Concernant les TGF-β, il n’y a ce jour aucune étude qui ait montré l’impact d’un inhibiteur de cette voie, ou d’une molécule comme la myostatine, sur la masse musculaire lors du sepsis. Du fait de son intérêt dans d’autres pathologies impliquant la perte de masse musculaire, comme expliqué précédemment, nous avons choisi d’étudier cette voie. Elle constitue la thématique du dernier article présenté dans cette thèse.

54 En conclusion, l’altération de la fonction musculaire est la résultante de plusieurs facteurs tels que l’atteinte de l’excitabilité membranaire, une modification de l’homéostasie calcique ou encore des modifications du métabolisme. L’ensemble de ces éléments est représenté dans la Figure 23.

Figure 23 : Mécanismes impliqués dans l’atteinte musculaire de la polyneuromyopathie acquise en réanimation.

55

III. La cachexie cancéreuse

A. Généralités

Le terme cachexie vient du Grec « kakos » et « hexis » qui signifie « mauvais état ». Elle se définit comme un syndrome multifactoriel clinique et métabolique entrainant une perte de poids progressive. La cachexie peut apparaitre dans de nombreuses pathologies chroniques telle que l’insuffisance cardiaque chronique, la broncho-pneumopathie chronique obstructive (BPCO), l’insuffisance rénale chronique, le sepsis et le cancer [121].

En 2011, Fearon propose une définition de la cachexie cancéreuse : « Cancer cachexia

is defined as a multifactorial syndrome characterised by an ongoing loss of skeletal muscle mass (with or without loss of fat mass) that cannot be fully reversed by conventional nutritional support and leads to progressive functional impairment. The pathophysiology is characterised by a negative protein and energy balance driven by a variable combination of reduced food intake and abnormal metabolism» [122]. Cette cachexie cancéreuse est indirectement responsable de 30% de la mortalité des patients atteints de cancer et par ailleurs, plus de 50% des patients qui meurent suite à leur cancer, présentent une cachexie [123]. Sa prévalence peut aller jusqu’à 83% pour les cancers de l’estomac et du pancréas, 79% pour le cancer de l’œsophage et 50-66% pour le cancer du poumon [124], avec une corrélation négative entre le pourcentage de perte de masse et la survie [125].

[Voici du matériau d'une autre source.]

(* Let $m$ be a monomial of $S=k[x_1,\dots,x_n]$ with $\max(m)=k$, and let $B=\mathrm{Borel}(m)$. Then for every $i\ge0$, \[b_{i-1}(B)+b_i\!\left(\mathrm{Borel}\!\left(\tfrac{m}{x_k}\right)\right)=\binom{k}{i}\,w_k(B),\] where $b_{-1}(B)=0$ and, if $m=x_k$, $\mathrm{Borel}(1)=S$ (with $b_0(S)=1$, $b_i(S)=0$ for $i>0$).
   Context: $\mathrm{Borel}(\mu)$ is the smallest monomial ideal containing $\mu$ closed under Borel moves $\nu\mapsto\nu\frac{x_{a_1}}{x_{b_1}}\cdots\frac{x_{a_s}}{x_{b_s}}$ ($a_t<b_t$, all $x_{b_t}\mid\nu$). For a monomial $\mu=x_{k_1}\cdots x_{k_r}$ ($k_1\le\dots\le k_r$), $\max(\mu)=k_r$. $w_k(B)$ is the number of minimal monomial generators $\mu$ of $B$ with $\max(\mu)=k$. $b_i(I)=\dim_k\operatorname{Tor}_i^S(I,k)$ is the $i$-th total Betti number of the ideal $I$ (so $b_0(I)$ is the number of minimal generators). *)

theory Defs
  imports Complex_Main "HOL-Library.Multiset" "HOL-Library.Function_Algebras"
begin

text \<open>Monomials of S = k[x_1,...,x_n] are multisets of variable indices in {1..n};
  x_{k_1}...x_{k_r} corresponds to the multiset {#k_1,...,k_r#}. Divisibility is subset_mset.
  A monomial ideal is represented by its set of monomials.\<close>

type_synonym mon = "nat multiset"

definition monomials :: "nat \<Rightarrow> mon set" where
  "monomials n = {\<mu>. set_mset \<mu> \<subseteq> {1..n}}"

definition maxvar :: "mon \<Rightarrow> nat" where
  "maxvar \<mu> = Max (set_mset \<mu>)"

inductive_set Borel :: "nat \<Rightarrow> mon \<Rightarrow> mon set" for n :: nat and \<mu> :: mon where
  base: "set_mset \<mu> \<subseteq> {1..n} \<Longrightarrow> \<mu> \<in> Borel n \<mu>"
| move: "\<nu> \<in> Borel n \<mu> \<Longrightarrow> b \<in># \<nu> \<Longrightarrow> 1 \<le> a \<Longrightarrow> a < b \<Longrightarrow> \<nu> - {#b#} + {#a#} \<in> Borel n \<mu>"
| mult: "\<nu> \<in> Borel n \<mu> \<Longrightarrow> c \<in> {1..n} \<Longrightarrow> \<nu> + {#c#} \<in> Borel n \<mu>"

definition mingens :: "mon set \<Rightarrow> mon set" where
  "mingens I = {\<mu> \<in> I. \<forall>\<nu>\<in>I. \<nu> \<subseteq># \<mu> \<longrightarrow> \<nu> = \<mu>}"

definition w :: "nat \<Rightarrow> mon set \<Rightarrow> nat" where
  "w k I = card {\<mu> \<in> mingens I. maxvar \<mu> = k}"

text \<open>Tor_i^S(I,k) computed via the Koszul complex K(x_1,...,x_n) tensored with I, in each
  multidegree alpha. The degree-alpha part of I \<otimes> \<wedge>^i k^n has basis the i-subsets F of {1..n}
  with x^(alpha - e_F) \<in> I; chains are functions on these sets with values in the field.\<close>

definition kface :: "nat \<Rightarrow> mon set \<Rightarrow> mon \<Rightarrow> nat \<Rightarrow> nat set set" where
  "kface n I \<alpha> i = {F. F \<subseteq> {1..n} \<and> card F = i \<and> mset_set F \<subseteq># \<alpha> \<and> \<alpha> - mset_set F \<in> I}"

definition kchains :: "nat \<Rightarrow> mon set \<Rightarrow> mon \<Rightarrow> nat \<Rightarrow> (nat set \<Rightarrow> 'a::field) set" where
  "kchains n I \<alpha> i = {c. \<forall>F. F \<notin> kface n I \<alpha> i \<longrightarrow> c F = 0}"
(* Let $\alpha\in\mathbb{R}\setminus\mathbb{Q}$ and $\tilde v\in C^0(\mathbb{T},\mathbb{C})$, and let $S^{\tilde v}(x)=\begin{pmatrix}\tilde v(x)&-1\\1&0\end{pmatrix}$. Assume that $|\operatorname{Re}\tilde v(x)|\le l$ and $\epsilon\le\operatorname{Im}\tilde v(x)\le l$ for all $x\in\mathbb{T}$, where $l\ge \epsilon>0$. Then $L(\alpha,S^{\tilde v})\ge C(l)\,\epsilon$, where $C(l)>0$ is a constant depending only on $l$.
   Context: $\mathbb{T}=\mathbb{R}/\mathbb{Z}$. For a continuous $A:\mathbb{T}\to SL(2,\mathbb{C})$ the Lyapunov exponent of the quasiperiodic cocycle $(\alpha,A)$ is $L(\alpha,A)=\lim_{n\to\infty}\frac1n\int_{\mathbb T}\ln\|A(x+(n-1)\alpha)\cdots A(x)\|\,dx$. *)

theory Defs
  imports "HOL-Analysis.Analysis"
begin

definition mat_norm :: "complex^2^2 \<Rightarrow> real" where
  "mat_norm A = onorm (\<lambda>v. A *v v)"

definition schr_mat :: "(real \<Rightarrow> complex) \<Rightarrow> real \<Rightarrow> complex^2^2" where
  "schr_mat v x = (\<chi> i j. if i = 1 then (if j = 1 then v x else -1)
                           else (if j = 1 then 1 else 0))"

text \<open>n-step cocycle A(x+(n-1)a) ... A(x); functions on T = R/Z are 1-periodic functions on R.\<close>
fun cocycle_iter :: "real \<Rightarrow> (real \<Rightarrow> complex^2^2) \<Rightarrow> nat \<Rightarrow> real \<Rightarrow> complex^2^2" where
  "cocycle_iter a A 0 x = mat 1"
| "cocycle_iter a A (Suc n) x = A (x + real n * a) ** cocycle_iter a A n x"

definition lyap_exp :: "real \<Rightarrow> (real \<Rightarrow> complex^2^2) \<Rightarrow> real" where
  "lyap_exp a A = lim (\<lambda>n. (1 / real n) * integral {0..1} (\<lambda>x. ln (mat_norm (cocycle_iter a A n x))))"

end

theory Submission
  imports Defs "HOL-Library.Periodic_Fun"
begin

text \<open>
  Follow the vector (i, 1) along the cocycle: its image under the first n matrices is
  (z_0 ... z_(n-1)) (z_n, 1), where z_k is the orbit of i under the Moebius maps
  z |-> v_k - 1/z, v_k = v(x + k alpha). The heights y_k = Im z_k satisfy
  y_(k+1) = Im v_k + y_k / |z_k|^2, whence 2 ln |z_k| >= ln y_k - ln y_(k+1) + eps / y_(k+1).
  The first two terms telescope against the bound y_k <= l + 1 + 1/eps, and since
  y_(k+1) <= l + 1/y_k, of any two consecutive heights one is at most l + 1. Hence
  ln |A_n(x)| >= n eps / (4 (l + 1)) - K uniformly in x. The integrals of ln |A_n| are
  subadditive, so by Fekete's lemma the limit defining the Lyapunov exponent exists and
  inherits the linear lower bound.
\<close>

lemma bounded_linear_matrix_vector_mult: "bounded_linear (\<lambda>w. (B::complex^2^2) *v w)"
  using matrix_vector_mul_bounded_linear[of B] by simp

lemma mat_norm_mult: "mat_norm (B ** C) \<le> mat_norm B * mat_norm C"
  using onorm_compose[OF bounded_linear_matrix_vector_mult bounded_linear_matrix_vector_mult]
  by (simp add: mat_norm_def o_def matrix_vector_mul_assoc)
(* Let $n\ge2$ and let $r_1,\dots,r_{N(n)}$ be the inflection points of the Hilbert curve $H_n$ (or of any image of $H_n$ under an invertible affine map). Then $\bar\kappa_k=0$ for all $2\le k\le N(n)-2$, and the sequence of first affine curvatures $(\kappa_2,\kappa_3,\dots,\kappa_{N(n)-2})$ equals the number sequence obtained by writing $1$, then the word $K_n$ with each letter replaced by its number string, then $1$. For example, for $n=2$ it is $1,-2,1,\tfrac12,-1,1,-1,2,1,-\tfrac12,1$.
   Context: The Hilbert curve at step $n$ is the polygon $H_n$ in the unit square defined recursively: $H_1$ has vertices $(\tfrac14,\tfrac14),(\tfrac14,\tfrac34),(\tfrac34,\tfrac34),(\tfrac34,\tfrac14)$; $H_{n+1}$ is the concatenation (in this order, joined by the connecting edges) of $f_1(H_n),f_2(H_n),f_3(H_n),f_4(H_n)$, where $f_1(x,y)=(\tfrac y2,\tfrac x2)$, $f_2(x,y)=(\tfrac x2,\tfrac y2+\tfrac12)$, $f_3(x,y)=(\tfrac x2+\tfrac12,\tfrac y2+\tfrac12)$, $f_4(x,y)=(1-\tfrac y2,\tfrac12-\tfrac x2)$, each copy traversed in the order inherited from $H_n$. The inflection points $r_1,\dots,r_{N(n)}$ of $H_n$ are the vertices of $H_n$, in order, after deleting every interior vertex whose two neighbouring vertices are collinear with it (endpoints kept). Affine curvatures: $t_k=r_{k+1}-r_k$, $[a,b]=a_1b_2-a_2b_1$, and for $2\le k\le N-2$ with $[t_{k-1},t_k]\ne0$, $\kappa_k=\dfrac{[t_k,t_{k+1}]}{[t_{k-1},t_k]}$, $\bar\kappa_k=\dfrac{[t_{k-1},t_{k+1}]}{[t_{k-1},t_k]}$. Letters and their number strings: $P=(-2,1,\tfrac12,-1,1,-1,2,1,-\tfrac12)$, $S=(2,1,-\tfrac12,1)$, $T=(3,1,\tfrac13)$, $U=(1,-2,1,\tfrac12)$, $V=(1,-1,1,-1,1)$. Words $K_n$ ($n\ge2$) over $\{P,S,T,U,V\}$: $K_2=P$; $K_{2m+1}=K_{2m}\,S\,K_{2m}\,T\,K_{2m}\,U\,K_{2m}$ for $m\ge1$; $K_{2m}=K_{2m-1}\,U\,K_{2m-1}\,V\,K_{2m-1}\,S\,K_{2m-1}$ for $m\ge2$ (so $K_3=PSPTPUP$). *)

theory Defs
  imports Complex_Main
begin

Chez ces patients, la cachexie va induire une augmentation des effets secondaires des traitements, l’incapacité de traiter les patients avec des cycles complets de thérapies, la réduction de la réponse aux traitements et par conséquent une diminution de la survie [126]. A cela il faut rajouter une diminution dramatique de l’activité physique qui impacte directement la qualité de vie des patients [127]. Les signes cliniques caractéristiques qui vont apparaitre sont : une fatigue générale (asthénie), une anorexie, une modification du métabolisme entrainant une perte de poids, avec une perte de masse grasse et surtout la perte de masse musculaire qui entraine un épuisement musculaire. Son diagnostic est rendu d’autant plus difficile que la première définition de la cachexie n’a été établie qu’en 2008, caractérisée par un panel de scientifiques [121]. Ils ont identifié comme critères la perte de poids >5% dans les 12 mois (ou IMC<20), associé à au moins 3 des 5 critères suivants : diminution de la force musculaire, fatigue, anorexie, indice de masse maigre faible et biochimie anormale (marqueurs de l’inflammation élevés (CRP (protéine C réactive), IL-6), anémie et faible albuminémie) (Figure 24). Un autre système de notation a été proposé en 2011 : le Cachexie SCOre (CASCO) [128], validé en 2017 sur un panel de 281 patients [129]. Ce score prend en

56 compte des paramètres tels que le degré de perte de masse, les marqueurs de l’inflammation, l’activité physique et un questionnaire sur la qualité de vie des patients. Cet index a même été proposé sous une forme simplifiée (MiniCASCO) afin d’éviter un nombre trop important de mesures à effectuer par le personnel de santé sur ces patients qui pourrait limiter son utilisation.

Figure 24 : Critères de diagnostic de la cachexie cancéreuse. Proposition selon par Evans et al. [121].